Direct construction of order objects requires providing:

  • trader_id, strategy_id (identity context)
  • client_order_id (unique identifier -- requires a generator)
  • init_id (UUID for the initialization event)
  • ts_init (timestamp from the correct clock)
  • contingency_type, order_list_id, linked_order_ids, parent_order_id (contingency context)
  • exec_algorithm_id, exec_algorithm_params, exec_spawn_id (execution algorithm context)

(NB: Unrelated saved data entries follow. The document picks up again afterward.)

(* Let $\mathcal{H}$ be a real Hilbert space, let $A,B:\mathcal{H}\rightrightarrows\mathcal{H}$ be operators and let $\beta\in{]0,1[}$. Then \[ \operatorname{zer}\left(A^{(\beta)}+B^{(\beta)}\right)=\beta J_{\frac{1}{2(1-\beta)}(A+B)}(0). \] Consequently, $\operatorname{zer}\left(A^{(\beta)}+B^{(\beta)}\right)\neq\emptyset$ if and only if $0\in\operatorname{ran}\left(\operatorname{Id}+\frac{1}{2(1-\beta)}(A+B)\right)$.
   Context: The resolvent of an operator $T$ is $J_T:=(\operatorname{Id}+T)^{-1}$, i.e. $J_T(x)=\{y: x\in y+T(y)\}$ (a set). The $\beta$-strengthening of $A$ is $A^{(\beta)}(x):=\left(A+(1-\beta)\operatorname{Id}\right)\left(\frac{x}{\beta}\right)$. $\operatorname{zer}T=\{x:0\in T(x)\}$; $\operatorname{ran}$ denotes the range. *)

theory Defs
  imports "HOL-Analysis.Analysis"
begin

text \<open>Set-valued operators on a real Hilbert space 'a, represented as 'a \<Rightarrow> 'a set.\<close>

type_synonym 'a operator = "'a \<Rightarrow> 'a set"

definition op_add :: "('a::real_vector) operator \<Rightarrow> 'a operator \<Rightarrow> 'a operator" where
  "op_add A B = (\<lambda>x. {a + b | a b. a \<in> A x \<and> b \<in> B x})"

definition op_scale :: "real \<Rightarrow> ('a::real_vector) operator \<Rightarrow> 'a operator" where
  "op_scale c T = (\<lambda>x. (\<lambda>y. c *\<^sub>R y) ` T x)"

definition op_id :: "('a::real_vector) operator" where
  "op_id = (\<lambda>x. {x})"

definition resolvent :: "('a::real_vector) operator \<Rightarrow> 'a operator" where
  "resolvent T = (\<lambda>x. {y. x \<in> op_add op_id T y})"

definition strengthening :: "real \<Rightarrow> ('a::real_vector) operator \<Rightarrow> 'a operator" where
  "strengthening \<beta> A = (\<lambda>x. op_add A (op_scale (1 - \<beta>) op_id) ((1 / \<beta>) *\<^sub>R x))"

definition zer :: "('a::real_vector) operator \<Rightarrow> 'a set" where
  "zer T = {x. 0 \<in> T x}"

definition ran :: "('a::real_vector) operator \<Rightarrow> 'a set" where
  "ran T = (\<Union>x. T x)"

end

theory Submission
  imports Defs
begin

(* Substituting x = \<beta> y undoes the rescaling inside both strengthenings, so
   0 \<in> A^(\<beta>)(x) + B^(\<beta>)(x) reads 0 \<in> A y + B y + 2(1 - \<beta>) y. Dividing by
   2(1 - \<beta>) > 0 turns this into 0 \<in> y + (A + B) y / (2(1 - \<beta>)), which says
   exactly that y lies in the resolvent of (A + B) / (2(1 - \<beta>)) at 0. *)

lemma zero_in_op_add_op_id_scale_iff:
  fixes T :: "('a::real_vector) operator"
  assumes "c \<noteq> 0"
  shows "0 \<in> op_add op_id (op_scale (1 / c) T) y \<longleftrightarrow> (\<exists>t\<in>T y. c *\<^sub>R y + t = 0)"
proof -
  have "y + (1 / c) *\<^sub>R t = 0 \<longleftrightarrow> c *\<^sub>R y + t = 0" for t
  proof -
    have "c *\<^sub>R (y + (1 / c) *\<^sub>R t) = c *\<^sub>R y + t"
      using assms by (simp add: scaleR_add_right)
    then show ?thesis
      using assms by (metis scaleR_eq_0_iff)
  qed
  then show ?thesis
    unfolding op_add_def op_scale_def op_id_def by auto
qed

lemma zero_in_strengthening_sum_iff:
  fixes A B :: "('a::real_vector) operator"
  assumes "0 < \<beta>" and "\<beta> < 1"
  shows "0 \<in> op_add (strengthening \<beta> A) (strengthening \<beta> B) (\<beta> *\<^sub>R y)
     \<longleftrightarrow> 0 \<in> op_add op_id (op_scale (1 / (2 * (1 - \<beta>))) (op_add A B)) y"
proof -
  have unscale: "(1 / \<beta>) *\<^sub>R (\<beta> *\<^sub>R y) = y"
    using assms by simp
  have regroup: "a + (1 - \<beta>) *\<^sub>R y + (b + (1 - \<beta>) *\<^sub>R y) = (2 * (1 - \<beta>)) *\<^sub>R y + (a + b)"
    for a b :: 'a
    by (simp add: algebra_simps flip: scaleR_2)
  have "0 \<in> op_add (strengthening \<beta> A) (strengthening \<beta> B) (\<beta> *\<^sub>R y)
      \<longleftrightarrow> (\<exists>a\<in>A y. \<exists>b\<in>B y. a + (1 - \<beta>) *\<^sub>R y + (b + (1 - \<beta>) *\<^sub>R y) = 0)"
    unfolding strengthening_def op_add_def op_scale_def op_id_def unscale by auto
  also have "\<dots> \<longleftrightarrow> (\<exists>t\<in>op_add A B y. (2 * (1 - \<beta>)) *\<^sub>R y + t = 0)"
    unfolding regroup op_add_def by blast
  also have "\<dots> \<longleftrightarrow> 0 \<in> op_add op_id (op_scale (1 / (2 * (1 - \<beta>))) (op_add A B)) y"
    using assms by (simp add: zero_in_op_add_op_id_scale_iff)
  finally show ?thesis .
qed

lemma zer_eq_scaleR_image:
  fixes S :: "('a::real_vector) operator"
  assumes "\<beta> \<noteq> 0" and "\<And>y. 0 \<in> S (\<beta> *\<^sub>R y) \<longleftrightarrow> P y"
  shows "zer S = (\<lambda>y. \<beta> *\<^sub>R y) ` {y. P y}"
proof (intro set_eqI iffI)
  fix x
  assume "x \<in> zer S"
  moreover have "x = \<beta> *\<^sub>R ((1 / \<beta>) *\<^sub>R x)"
    using assms(1) by simp
  ultimately show "x \<in> (\<lambda>y. \<beta> *\<^sub>R y) ` {y. P y}"
    using assms(2) unfolding zer_def by (metis image_eqI mem_Collect_eq)
qed (use assms(2) in \<open>auto simp: zer_def\<close>)

lemma resolvent_at_zero:
  "resolvent T 0 = {y. 0 \<in> op_add op_id T y}"
  by (simp add: resolvent_def)

theorem proposition3p4:
  fixes A B :: "('a::{real_inner, complete_space}) operator" and \<beta> :: real
  assumes "0 < \<beta>" and "\<beta> < 1"
  shows "zer (op_add (strengthening \<beta> A) (strengthening \<beta> B))
           = (\<lambda>y. \<beta> *\<^sub>R y) ` resolvent (op_scale (1 / (2 * (1 - \<beta>))) (op_add A B)) 0
         \<and> (zer (op_add (strengthening \<beta> A) (strengthening \<beta> B)) \<noteq> {}
           \<longleftrightarrow> 0 \<in> ran (op_add op_id (op_scale (1 / (2 * (1 - \<beta>))) (op_add A B))))"
proof -
  let ?T = "op_add op_id (op_scale (1 / (2 * (1 - \<beta>))) (op_add A B))"
  have zer_eq: "zer (op_add (strengthening \<beta> A) (strengthening \<beta> B)) = (\<lambda>y. \<beta> *\<^sub>R y) ` {y. 0 \<in> ?T y}"
    using assms by (intro zer_eq_scaleR_image) (simp_all add: zero_in_strengthening_sum_iff)
  show ?thesis
    unfolding zer_eq resolvent_at_zero by (auto simp: ran_def)
qed

end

The factory encapsulates all of this, exposing only the parameters the strategy author needs to decide: what instrument, which direction, how much, and at what price.

Pseudocode:

CLASS OrderFactory:
    FIELD trader_id, strategy_id, clock, id_generator

    FUNCTION market(instrument_id, side, quantity, **options) -> MarketOrder:
        client_order_id = id_generator.next()
        RETURN MarketOrder(
            trader_id = self.trader_id,
            strategy_id = self.strategy_id,
            instrument_id = instrument_id,
            client_order_id = client_order_id,
            order_side = side,
            quantity = quantity,
            ts_init = clock.timestamp_ns(),
            ...options
        )

    FUNCTION limit(instrument_id, side, quantity, price, **options) -> LimitOrder:
        client_order_id = id_generator.next()
        RETURN LimitOrder(
            ...same identity fields...,
            price = price,
            ...options
        )

    FUNCTION stop_market(instrument_id, side, quantity, trigger_price, **options) -> StopMarketOrder:
        ...similar pattern...

Key invariant: Every order created through the factory is guaranteed to have a unique client_order_id, a valid timestamp from the strategy's clock, and the correct trader_id/strategy_id association.